== TASK OBJECTIVE ==
Determine how many lines in the entries contain the word "column", and give that number with no other text.

Dataset entries

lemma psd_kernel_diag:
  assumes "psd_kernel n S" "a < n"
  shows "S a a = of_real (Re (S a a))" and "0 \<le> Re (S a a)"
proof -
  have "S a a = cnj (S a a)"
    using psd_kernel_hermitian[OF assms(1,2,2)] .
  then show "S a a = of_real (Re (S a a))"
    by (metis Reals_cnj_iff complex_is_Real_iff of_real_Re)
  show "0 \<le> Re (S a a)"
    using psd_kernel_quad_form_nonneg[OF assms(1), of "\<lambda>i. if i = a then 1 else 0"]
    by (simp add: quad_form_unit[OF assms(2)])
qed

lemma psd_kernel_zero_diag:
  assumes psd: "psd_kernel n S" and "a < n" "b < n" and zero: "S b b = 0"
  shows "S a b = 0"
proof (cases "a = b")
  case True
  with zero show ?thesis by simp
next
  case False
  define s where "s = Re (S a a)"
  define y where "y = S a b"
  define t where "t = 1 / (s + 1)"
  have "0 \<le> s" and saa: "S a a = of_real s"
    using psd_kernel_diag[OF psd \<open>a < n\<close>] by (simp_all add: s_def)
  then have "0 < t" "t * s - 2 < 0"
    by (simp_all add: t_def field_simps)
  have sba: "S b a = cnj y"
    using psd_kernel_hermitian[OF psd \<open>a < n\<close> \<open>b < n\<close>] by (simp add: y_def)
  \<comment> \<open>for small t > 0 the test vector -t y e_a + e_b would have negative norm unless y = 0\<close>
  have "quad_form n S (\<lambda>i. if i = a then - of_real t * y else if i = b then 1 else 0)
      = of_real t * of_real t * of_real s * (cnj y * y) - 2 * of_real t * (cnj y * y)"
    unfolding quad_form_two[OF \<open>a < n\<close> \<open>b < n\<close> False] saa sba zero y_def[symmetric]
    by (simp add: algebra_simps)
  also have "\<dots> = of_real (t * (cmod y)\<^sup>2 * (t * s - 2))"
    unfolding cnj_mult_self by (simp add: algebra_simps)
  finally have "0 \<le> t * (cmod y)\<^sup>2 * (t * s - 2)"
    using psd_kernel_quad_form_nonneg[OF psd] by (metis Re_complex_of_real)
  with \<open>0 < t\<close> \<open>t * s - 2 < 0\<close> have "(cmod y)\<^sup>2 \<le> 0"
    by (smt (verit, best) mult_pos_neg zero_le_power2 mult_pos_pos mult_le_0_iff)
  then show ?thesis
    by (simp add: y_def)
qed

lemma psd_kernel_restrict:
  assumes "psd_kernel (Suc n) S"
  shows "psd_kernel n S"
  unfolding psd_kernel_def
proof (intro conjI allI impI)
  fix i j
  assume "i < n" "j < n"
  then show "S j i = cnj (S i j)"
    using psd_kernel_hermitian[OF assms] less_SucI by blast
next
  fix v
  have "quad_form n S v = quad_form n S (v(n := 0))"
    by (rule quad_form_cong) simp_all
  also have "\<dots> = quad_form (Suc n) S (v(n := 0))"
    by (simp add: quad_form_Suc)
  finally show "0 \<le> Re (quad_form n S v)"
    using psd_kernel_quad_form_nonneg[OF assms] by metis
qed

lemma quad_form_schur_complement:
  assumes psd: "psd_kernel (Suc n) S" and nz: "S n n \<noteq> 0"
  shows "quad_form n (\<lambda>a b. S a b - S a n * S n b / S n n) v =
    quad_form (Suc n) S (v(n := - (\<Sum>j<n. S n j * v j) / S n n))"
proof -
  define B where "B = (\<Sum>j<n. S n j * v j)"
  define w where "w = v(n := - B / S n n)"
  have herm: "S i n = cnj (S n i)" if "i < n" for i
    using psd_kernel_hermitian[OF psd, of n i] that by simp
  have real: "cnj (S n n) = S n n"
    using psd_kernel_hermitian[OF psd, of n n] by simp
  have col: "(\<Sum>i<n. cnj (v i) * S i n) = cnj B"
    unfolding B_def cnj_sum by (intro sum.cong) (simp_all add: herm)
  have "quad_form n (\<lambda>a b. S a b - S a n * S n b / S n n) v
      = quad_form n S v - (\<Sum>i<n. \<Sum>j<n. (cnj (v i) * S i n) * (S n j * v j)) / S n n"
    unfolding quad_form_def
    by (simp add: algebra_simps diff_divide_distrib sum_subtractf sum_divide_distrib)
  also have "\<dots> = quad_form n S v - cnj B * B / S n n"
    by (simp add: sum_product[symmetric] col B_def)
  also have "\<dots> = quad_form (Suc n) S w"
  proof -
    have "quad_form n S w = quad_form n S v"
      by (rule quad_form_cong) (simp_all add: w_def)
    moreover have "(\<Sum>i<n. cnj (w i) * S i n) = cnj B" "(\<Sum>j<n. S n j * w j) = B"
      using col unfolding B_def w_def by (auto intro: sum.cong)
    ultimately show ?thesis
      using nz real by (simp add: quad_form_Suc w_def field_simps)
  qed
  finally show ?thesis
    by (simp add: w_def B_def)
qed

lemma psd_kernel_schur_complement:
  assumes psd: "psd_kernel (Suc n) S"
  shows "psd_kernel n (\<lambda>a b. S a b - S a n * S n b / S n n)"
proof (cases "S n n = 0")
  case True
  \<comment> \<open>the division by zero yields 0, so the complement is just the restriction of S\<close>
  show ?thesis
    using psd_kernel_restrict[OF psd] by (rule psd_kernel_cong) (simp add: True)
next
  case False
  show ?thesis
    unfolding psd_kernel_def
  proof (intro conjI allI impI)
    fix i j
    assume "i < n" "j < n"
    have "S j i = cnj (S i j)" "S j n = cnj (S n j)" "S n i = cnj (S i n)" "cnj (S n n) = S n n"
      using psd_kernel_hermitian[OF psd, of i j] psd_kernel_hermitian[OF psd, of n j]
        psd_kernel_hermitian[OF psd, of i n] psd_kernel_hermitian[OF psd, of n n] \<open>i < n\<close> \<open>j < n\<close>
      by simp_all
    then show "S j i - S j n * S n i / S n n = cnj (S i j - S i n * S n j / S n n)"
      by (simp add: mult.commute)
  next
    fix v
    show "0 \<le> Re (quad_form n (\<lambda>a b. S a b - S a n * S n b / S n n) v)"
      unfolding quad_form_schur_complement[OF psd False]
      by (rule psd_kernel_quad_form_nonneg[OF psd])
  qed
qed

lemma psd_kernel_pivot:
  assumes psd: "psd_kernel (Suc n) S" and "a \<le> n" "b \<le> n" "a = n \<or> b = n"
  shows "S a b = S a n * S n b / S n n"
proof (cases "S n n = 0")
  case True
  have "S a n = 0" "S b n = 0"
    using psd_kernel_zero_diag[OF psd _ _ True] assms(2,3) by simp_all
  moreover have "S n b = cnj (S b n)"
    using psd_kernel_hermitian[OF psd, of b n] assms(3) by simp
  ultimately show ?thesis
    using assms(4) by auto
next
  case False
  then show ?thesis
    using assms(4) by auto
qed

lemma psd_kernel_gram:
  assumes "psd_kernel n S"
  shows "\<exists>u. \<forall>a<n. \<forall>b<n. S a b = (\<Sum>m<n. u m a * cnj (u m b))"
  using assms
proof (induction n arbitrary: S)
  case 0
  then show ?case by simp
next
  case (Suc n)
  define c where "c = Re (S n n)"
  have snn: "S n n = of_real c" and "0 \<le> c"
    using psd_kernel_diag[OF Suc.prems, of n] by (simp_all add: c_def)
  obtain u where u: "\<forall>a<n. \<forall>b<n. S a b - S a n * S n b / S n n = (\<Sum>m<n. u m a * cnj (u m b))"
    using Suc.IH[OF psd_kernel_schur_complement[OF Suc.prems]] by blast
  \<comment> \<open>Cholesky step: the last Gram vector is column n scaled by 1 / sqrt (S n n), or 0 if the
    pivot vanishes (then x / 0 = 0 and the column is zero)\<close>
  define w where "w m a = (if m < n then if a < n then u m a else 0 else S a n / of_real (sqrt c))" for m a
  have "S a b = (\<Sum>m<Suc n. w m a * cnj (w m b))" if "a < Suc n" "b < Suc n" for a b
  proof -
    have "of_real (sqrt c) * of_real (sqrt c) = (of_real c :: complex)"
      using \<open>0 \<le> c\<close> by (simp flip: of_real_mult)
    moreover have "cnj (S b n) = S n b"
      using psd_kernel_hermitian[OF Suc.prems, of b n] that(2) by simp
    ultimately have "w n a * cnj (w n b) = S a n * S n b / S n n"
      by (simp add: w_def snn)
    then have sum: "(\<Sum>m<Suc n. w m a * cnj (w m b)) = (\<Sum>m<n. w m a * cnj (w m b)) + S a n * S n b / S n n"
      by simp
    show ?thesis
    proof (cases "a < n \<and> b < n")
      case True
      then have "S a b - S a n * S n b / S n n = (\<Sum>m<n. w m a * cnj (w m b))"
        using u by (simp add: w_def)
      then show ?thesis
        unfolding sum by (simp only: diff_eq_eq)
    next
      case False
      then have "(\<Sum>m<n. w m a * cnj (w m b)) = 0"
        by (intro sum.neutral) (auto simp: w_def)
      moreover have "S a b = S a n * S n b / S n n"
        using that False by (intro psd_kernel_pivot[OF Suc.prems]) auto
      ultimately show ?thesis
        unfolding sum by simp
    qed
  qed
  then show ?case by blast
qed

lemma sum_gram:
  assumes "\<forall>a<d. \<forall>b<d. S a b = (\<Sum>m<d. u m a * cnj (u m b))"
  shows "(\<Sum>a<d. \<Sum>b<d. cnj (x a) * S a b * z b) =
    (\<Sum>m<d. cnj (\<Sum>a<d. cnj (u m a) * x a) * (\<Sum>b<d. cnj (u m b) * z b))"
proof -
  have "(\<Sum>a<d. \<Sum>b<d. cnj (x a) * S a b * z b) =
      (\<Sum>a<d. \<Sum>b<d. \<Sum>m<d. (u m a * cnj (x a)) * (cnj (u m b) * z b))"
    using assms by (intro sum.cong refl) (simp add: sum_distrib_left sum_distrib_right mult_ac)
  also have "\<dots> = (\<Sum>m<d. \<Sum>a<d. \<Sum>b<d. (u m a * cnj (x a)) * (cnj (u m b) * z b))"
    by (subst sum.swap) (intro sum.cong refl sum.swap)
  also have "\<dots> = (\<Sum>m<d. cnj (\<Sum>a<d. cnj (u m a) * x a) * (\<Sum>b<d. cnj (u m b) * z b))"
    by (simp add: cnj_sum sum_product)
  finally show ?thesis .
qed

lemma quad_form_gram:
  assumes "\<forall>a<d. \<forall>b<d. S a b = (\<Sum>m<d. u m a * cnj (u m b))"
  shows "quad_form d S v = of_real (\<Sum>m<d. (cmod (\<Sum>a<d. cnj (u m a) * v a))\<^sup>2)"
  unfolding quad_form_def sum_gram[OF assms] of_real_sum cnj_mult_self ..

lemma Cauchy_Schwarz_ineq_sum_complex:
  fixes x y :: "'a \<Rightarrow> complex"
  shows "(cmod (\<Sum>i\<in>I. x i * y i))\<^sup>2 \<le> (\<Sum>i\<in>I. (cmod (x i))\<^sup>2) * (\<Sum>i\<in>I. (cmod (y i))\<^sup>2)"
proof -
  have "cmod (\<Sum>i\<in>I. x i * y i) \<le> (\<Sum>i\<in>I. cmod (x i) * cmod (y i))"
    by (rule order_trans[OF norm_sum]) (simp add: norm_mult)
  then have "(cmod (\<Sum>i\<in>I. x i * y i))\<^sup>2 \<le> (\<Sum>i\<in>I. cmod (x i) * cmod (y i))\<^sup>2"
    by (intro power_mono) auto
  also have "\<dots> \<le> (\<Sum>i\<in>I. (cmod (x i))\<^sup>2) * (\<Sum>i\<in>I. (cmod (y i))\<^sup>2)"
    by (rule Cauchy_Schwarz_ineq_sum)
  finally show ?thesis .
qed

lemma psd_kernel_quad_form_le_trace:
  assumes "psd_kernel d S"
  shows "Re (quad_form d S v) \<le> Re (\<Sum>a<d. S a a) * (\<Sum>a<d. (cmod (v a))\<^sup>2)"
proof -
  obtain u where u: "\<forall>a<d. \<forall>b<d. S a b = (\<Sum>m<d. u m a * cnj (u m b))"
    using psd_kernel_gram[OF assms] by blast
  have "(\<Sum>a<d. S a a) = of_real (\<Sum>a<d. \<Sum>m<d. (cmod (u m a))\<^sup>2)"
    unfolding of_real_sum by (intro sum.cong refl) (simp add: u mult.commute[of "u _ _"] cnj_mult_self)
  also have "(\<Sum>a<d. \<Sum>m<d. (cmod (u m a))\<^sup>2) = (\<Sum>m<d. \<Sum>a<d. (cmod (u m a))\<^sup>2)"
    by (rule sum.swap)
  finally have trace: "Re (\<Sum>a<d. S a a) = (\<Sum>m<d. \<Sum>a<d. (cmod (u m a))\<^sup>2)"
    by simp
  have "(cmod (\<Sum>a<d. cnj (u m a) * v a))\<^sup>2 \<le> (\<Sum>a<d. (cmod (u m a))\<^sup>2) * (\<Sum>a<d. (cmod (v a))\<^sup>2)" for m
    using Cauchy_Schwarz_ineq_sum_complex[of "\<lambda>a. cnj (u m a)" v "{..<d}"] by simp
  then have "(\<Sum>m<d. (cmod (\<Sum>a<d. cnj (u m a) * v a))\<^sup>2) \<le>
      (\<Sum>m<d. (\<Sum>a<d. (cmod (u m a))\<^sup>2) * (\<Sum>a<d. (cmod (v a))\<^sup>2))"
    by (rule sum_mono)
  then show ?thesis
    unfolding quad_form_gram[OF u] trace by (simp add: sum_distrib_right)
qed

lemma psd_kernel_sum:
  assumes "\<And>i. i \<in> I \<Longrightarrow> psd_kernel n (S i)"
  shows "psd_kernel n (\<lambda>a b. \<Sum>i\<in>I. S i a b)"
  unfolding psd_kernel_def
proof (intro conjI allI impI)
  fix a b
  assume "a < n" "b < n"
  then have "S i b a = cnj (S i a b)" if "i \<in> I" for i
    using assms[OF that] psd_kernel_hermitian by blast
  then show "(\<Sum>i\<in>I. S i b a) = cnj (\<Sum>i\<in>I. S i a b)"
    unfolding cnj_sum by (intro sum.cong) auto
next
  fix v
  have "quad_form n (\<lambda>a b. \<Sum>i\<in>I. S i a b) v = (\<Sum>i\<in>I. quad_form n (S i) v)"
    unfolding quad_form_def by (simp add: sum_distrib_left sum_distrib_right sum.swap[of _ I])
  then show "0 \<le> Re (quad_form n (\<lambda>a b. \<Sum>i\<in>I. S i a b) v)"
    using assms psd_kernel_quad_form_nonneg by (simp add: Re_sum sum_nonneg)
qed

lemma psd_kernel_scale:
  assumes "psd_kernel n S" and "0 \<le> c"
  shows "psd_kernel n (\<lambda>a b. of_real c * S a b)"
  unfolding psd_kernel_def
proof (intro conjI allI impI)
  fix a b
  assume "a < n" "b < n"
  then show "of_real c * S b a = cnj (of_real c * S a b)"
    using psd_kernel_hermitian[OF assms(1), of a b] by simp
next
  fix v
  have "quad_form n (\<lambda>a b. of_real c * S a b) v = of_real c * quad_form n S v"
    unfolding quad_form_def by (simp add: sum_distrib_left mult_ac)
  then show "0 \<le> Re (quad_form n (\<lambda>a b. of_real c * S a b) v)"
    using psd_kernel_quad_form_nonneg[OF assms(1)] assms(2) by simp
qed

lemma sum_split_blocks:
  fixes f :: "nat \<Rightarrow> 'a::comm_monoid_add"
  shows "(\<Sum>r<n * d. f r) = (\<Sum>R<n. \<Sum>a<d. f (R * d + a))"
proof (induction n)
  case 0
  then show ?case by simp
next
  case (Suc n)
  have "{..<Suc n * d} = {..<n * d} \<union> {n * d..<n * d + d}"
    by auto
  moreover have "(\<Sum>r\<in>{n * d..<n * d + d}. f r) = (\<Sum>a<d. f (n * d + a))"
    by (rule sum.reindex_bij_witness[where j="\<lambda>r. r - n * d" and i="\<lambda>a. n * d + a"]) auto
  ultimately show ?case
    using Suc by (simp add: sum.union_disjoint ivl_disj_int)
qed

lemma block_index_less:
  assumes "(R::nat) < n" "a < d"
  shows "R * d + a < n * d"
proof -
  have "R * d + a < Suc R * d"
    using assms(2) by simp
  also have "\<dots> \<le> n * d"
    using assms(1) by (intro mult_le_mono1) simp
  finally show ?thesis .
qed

== TASK RESPONSE ==
2